═══ WORKING DATA ═══

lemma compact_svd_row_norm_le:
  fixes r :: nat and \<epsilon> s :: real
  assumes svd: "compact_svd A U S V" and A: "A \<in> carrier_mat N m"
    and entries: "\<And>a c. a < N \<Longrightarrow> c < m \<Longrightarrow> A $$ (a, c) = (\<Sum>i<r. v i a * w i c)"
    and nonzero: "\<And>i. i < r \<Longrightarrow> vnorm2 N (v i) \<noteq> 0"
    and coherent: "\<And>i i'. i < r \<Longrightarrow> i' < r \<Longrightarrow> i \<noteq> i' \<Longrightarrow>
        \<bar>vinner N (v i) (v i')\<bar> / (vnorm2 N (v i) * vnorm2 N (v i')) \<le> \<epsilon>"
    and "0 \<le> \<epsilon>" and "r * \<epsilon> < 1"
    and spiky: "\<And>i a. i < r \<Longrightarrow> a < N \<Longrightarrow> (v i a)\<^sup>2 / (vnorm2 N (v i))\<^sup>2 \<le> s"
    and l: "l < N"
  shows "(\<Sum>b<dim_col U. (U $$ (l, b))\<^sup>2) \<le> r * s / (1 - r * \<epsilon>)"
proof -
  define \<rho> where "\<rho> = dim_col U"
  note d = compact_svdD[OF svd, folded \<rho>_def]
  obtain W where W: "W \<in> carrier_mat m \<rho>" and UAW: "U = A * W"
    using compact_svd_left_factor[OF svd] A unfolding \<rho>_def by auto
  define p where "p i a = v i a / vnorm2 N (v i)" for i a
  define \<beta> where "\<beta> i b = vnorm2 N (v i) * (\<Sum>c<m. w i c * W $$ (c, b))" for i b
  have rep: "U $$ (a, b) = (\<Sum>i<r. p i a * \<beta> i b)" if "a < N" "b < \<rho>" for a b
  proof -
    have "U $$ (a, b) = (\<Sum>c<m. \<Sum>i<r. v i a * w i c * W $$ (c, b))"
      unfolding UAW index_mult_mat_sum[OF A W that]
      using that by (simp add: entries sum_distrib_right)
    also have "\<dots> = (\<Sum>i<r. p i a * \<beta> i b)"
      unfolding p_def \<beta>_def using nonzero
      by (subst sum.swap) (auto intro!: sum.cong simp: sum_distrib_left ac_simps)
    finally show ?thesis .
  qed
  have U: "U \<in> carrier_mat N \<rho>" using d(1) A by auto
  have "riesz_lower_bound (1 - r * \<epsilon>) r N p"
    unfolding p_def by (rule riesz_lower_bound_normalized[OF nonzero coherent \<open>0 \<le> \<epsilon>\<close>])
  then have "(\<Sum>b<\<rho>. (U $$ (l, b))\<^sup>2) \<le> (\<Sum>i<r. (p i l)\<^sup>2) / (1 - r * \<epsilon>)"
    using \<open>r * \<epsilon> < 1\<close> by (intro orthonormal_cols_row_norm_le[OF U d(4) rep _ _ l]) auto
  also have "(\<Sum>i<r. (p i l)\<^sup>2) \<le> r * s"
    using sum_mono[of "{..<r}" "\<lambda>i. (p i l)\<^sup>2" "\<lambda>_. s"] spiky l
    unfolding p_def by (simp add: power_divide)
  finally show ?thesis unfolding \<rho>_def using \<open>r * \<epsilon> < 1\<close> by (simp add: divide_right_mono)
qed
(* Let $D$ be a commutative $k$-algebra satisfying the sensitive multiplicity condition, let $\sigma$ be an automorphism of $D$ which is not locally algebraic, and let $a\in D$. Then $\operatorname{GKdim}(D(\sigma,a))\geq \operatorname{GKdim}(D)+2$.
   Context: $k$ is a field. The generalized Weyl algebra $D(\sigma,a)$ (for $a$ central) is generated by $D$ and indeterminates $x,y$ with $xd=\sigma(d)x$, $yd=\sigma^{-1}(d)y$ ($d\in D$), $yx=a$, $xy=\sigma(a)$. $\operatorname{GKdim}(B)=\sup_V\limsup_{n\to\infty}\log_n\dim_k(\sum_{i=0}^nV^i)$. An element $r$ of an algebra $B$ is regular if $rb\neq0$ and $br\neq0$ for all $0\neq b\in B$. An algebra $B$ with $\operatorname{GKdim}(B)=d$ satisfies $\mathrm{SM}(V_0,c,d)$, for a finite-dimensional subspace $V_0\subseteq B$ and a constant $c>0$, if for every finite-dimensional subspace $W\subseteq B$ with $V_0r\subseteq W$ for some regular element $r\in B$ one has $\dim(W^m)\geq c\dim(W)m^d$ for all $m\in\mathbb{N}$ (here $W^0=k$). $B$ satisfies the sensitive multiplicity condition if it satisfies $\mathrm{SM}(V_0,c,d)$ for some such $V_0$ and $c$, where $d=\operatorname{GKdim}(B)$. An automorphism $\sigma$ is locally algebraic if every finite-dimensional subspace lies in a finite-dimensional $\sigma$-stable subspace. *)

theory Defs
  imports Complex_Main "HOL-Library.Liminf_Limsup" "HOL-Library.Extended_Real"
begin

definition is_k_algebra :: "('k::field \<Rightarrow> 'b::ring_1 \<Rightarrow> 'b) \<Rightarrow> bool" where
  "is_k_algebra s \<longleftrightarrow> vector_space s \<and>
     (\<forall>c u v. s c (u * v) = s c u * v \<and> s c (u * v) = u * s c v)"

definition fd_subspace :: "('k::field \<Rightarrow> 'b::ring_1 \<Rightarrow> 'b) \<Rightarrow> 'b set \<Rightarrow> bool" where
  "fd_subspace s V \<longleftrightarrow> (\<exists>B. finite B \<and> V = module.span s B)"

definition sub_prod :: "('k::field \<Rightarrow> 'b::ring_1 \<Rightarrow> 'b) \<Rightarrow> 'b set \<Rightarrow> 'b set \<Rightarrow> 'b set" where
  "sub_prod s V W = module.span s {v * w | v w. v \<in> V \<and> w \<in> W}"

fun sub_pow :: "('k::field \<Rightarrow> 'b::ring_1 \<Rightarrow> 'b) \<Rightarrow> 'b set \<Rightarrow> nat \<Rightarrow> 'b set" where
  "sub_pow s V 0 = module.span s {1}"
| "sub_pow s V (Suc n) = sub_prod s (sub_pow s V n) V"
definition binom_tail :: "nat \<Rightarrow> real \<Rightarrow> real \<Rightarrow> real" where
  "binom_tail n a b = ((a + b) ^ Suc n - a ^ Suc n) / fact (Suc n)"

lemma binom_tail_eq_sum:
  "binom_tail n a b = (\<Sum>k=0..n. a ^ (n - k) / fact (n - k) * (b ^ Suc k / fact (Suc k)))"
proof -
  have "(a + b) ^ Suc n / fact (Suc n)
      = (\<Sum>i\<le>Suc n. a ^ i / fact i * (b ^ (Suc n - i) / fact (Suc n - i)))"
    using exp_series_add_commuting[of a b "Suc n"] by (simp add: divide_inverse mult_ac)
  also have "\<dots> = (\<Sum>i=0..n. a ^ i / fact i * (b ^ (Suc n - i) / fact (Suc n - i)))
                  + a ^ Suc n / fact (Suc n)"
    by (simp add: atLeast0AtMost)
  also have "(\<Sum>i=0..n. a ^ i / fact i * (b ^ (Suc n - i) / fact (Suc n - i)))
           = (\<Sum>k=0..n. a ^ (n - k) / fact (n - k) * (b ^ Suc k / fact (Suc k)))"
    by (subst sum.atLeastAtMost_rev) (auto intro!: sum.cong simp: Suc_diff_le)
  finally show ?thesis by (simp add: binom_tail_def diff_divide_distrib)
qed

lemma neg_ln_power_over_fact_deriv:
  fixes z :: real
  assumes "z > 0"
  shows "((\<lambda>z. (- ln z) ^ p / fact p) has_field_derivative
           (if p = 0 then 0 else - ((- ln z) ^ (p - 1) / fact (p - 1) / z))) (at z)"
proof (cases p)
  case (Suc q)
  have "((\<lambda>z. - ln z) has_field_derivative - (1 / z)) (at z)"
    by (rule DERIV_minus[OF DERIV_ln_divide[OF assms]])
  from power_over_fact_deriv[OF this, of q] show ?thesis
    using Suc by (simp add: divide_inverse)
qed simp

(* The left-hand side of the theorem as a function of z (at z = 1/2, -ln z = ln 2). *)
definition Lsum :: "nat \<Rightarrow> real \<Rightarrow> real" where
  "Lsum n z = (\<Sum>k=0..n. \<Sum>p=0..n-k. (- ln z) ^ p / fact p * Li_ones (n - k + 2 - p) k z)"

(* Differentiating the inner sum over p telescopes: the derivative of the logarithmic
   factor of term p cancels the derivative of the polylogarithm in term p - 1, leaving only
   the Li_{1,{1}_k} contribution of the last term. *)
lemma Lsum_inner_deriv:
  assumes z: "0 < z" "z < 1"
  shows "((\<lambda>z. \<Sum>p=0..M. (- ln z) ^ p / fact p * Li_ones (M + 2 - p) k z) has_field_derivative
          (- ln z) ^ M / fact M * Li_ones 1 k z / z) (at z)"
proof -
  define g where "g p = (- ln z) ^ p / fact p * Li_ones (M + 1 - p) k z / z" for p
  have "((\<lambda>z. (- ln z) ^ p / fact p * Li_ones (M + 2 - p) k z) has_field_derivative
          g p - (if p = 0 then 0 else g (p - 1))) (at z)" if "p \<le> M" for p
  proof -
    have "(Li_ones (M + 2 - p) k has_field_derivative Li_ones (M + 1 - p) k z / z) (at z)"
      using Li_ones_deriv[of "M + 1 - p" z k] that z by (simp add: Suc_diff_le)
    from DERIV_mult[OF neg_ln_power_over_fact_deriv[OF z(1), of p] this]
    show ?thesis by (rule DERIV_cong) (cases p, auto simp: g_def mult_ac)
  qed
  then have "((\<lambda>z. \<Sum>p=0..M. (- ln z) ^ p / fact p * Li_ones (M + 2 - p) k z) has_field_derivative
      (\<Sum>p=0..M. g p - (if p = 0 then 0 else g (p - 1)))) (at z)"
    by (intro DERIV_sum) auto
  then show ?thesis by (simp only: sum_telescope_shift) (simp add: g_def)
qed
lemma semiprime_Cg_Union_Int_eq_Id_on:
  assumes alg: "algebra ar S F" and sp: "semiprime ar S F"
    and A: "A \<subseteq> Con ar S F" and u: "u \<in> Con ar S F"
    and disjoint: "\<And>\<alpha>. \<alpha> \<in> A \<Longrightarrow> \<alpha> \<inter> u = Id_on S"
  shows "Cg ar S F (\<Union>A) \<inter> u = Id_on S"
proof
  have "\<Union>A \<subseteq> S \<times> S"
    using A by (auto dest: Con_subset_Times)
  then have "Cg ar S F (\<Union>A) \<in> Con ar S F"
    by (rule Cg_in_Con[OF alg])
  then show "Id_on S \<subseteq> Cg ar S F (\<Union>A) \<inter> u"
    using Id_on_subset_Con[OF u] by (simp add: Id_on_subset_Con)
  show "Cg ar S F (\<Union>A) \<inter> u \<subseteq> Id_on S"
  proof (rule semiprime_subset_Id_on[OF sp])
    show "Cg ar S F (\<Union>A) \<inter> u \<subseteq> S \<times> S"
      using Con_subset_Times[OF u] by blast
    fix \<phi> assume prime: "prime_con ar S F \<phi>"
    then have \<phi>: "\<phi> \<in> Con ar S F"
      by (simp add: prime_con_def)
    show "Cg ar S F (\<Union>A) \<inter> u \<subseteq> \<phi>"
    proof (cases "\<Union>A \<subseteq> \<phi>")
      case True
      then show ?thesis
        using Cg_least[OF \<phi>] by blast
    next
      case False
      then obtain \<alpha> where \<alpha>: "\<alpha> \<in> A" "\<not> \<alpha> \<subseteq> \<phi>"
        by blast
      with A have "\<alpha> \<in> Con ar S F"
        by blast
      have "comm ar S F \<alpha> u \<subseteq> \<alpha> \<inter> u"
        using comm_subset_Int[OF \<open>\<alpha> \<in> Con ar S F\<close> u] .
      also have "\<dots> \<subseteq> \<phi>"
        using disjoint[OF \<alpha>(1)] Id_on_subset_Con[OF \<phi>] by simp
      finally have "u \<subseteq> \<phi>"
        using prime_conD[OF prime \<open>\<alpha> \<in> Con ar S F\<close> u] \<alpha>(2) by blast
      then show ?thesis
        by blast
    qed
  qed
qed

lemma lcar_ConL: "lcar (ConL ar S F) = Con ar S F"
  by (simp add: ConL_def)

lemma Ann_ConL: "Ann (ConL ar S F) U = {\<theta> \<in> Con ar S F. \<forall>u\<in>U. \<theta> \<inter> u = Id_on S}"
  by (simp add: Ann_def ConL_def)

═══

> **YOUR TASK**
Write down exactly the span of lines above from the one containing "using that by" to the one containing "i l)\<^sup>2) \<le>", both ends included.

> **TASK ANSWER**
      using that by (simp add: entries sum_distrib_right)
    also have "\<dots> = (\<Sum>i<r. p i a * \<beta> i b)"
      unfolding p_def \<beta>_def using nonzero
      by (subst sum.swap) (auto intro!: sum.cong simp: sum_distrib_left ac_simps)
    finally show ?thesis .
  qed
  have U: "U \<in> carrier_mat N \<rho>" using d(1) A by auto
  have "riesz_lower_bound (1 - r * \<epsilon>) r N p"
    unfolding p_def by (rule riesz_lower_bound_normalized[OF nonzero coherent \<open>0 \<le> \<epsilon>\<close>])
  then have "(\<Sum>b<\<rho>. (U $$ (l, b))\<^sup>2) \<le> (\<Sum>i<r. (p i l)\<^sup>2) / (1 - r * \<epsilon>)"
    using \<open>r * \<epsilon> < 1\<close> by (intro orthonormal_cols_row_norm_le[OF U d(4) rep _ _ l]) auto
  also have "(\<Sum>i<r. (p i l)\<^sup>2) \<le> r * s"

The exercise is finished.